(Stored data entries)
⟨
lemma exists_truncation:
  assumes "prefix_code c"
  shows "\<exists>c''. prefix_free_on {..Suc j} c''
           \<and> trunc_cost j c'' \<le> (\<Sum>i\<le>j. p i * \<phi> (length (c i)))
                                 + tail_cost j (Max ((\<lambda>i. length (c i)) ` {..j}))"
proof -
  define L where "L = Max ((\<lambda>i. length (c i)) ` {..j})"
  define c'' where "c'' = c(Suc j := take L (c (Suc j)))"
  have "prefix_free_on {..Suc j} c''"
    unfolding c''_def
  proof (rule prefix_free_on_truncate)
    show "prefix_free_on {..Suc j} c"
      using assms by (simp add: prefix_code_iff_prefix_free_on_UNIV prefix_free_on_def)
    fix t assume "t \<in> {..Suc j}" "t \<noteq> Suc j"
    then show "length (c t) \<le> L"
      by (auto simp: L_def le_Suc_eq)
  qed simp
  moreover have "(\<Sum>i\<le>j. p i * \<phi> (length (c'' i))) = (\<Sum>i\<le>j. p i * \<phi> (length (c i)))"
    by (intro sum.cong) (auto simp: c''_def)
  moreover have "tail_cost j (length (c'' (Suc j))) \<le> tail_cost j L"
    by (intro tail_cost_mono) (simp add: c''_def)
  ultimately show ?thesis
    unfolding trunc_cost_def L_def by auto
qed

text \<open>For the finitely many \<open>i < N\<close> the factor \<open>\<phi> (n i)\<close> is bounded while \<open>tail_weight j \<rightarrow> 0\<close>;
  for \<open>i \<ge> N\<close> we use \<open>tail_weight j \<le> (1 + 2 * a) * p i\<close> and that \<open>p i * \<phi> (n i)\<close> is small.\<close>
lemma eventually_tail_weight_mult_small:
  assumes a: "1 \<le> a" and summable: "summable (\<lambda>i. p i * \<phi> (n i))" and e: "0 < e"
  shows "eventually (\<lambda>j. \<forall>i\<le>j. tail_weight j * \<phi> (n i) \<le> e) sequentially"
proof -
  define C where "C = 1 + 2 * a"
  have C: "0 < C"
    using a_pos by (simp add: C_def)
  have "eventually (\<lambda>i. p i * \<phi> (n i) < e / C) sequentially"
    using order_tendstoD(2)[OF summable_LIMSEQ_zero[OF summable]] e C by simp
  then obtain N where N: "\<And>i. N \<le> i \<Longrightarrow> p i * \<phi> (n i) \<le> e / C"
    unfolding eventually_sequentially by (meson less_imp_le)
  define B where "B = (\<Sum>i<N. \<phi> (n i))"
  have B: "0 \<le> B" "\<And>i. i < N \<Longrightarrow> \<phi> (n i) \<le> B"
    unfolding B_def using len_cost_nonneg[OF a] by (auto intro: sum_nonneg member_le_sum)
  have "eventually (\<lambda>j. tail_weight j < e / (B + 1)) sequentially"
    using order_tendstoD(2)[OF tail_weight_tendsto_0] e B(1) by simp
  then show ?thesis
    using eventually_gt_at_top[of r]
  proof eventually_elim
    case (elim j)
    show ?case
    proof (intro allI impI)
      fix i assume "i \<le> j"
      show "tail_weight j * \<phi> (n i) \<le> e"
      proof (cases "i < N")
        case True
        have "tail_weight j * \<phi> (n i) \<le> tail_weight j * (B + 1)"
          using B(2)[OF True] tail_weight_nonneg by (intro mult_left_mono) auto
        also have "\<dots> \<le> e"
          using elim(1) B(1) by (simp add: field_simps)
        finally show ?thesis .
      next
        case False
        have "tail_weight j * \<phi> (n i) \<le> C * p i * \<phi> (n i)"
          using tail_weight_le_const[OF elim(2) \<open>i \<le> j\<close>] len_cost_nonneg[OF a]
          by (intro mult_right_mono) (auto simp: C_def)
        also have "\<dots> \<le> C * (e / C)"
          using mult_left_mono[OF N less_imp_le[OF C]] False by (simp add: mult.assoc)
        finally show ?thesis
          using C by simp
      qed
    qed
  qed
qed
⟩
- **ACTION ITEM**:
Return, word for word, the lines of the data above from the line with "using order_tendstoD(2)[OF summable_LIMSEQ_zero[OF" through the line with "unfolding B_def using", inclusive.

- **TASK SOLUTION**:
    using order_tendstoD(2)[OF summable_LIMSEQ_zero[OF summable]] e C by simp
  then obtain N where N: "\<And>i. N \<le> i \<Longrightarrow> p i * \<phi> (n i) \<le> e / C"
    unfolding eventually_sequentially by (meson less_imp_le)
  define B where "B = (\<Sum>i<N. \<phi> (n i))"
  have B: "0 \<le> B" "\<And>i. i < N \<Longrightarrow> \<phi> (n i) \<le> B"
    unfolding B_def using len_cost_nonneg[OF a] by (auto intro: sum_nonneg member_le_sum)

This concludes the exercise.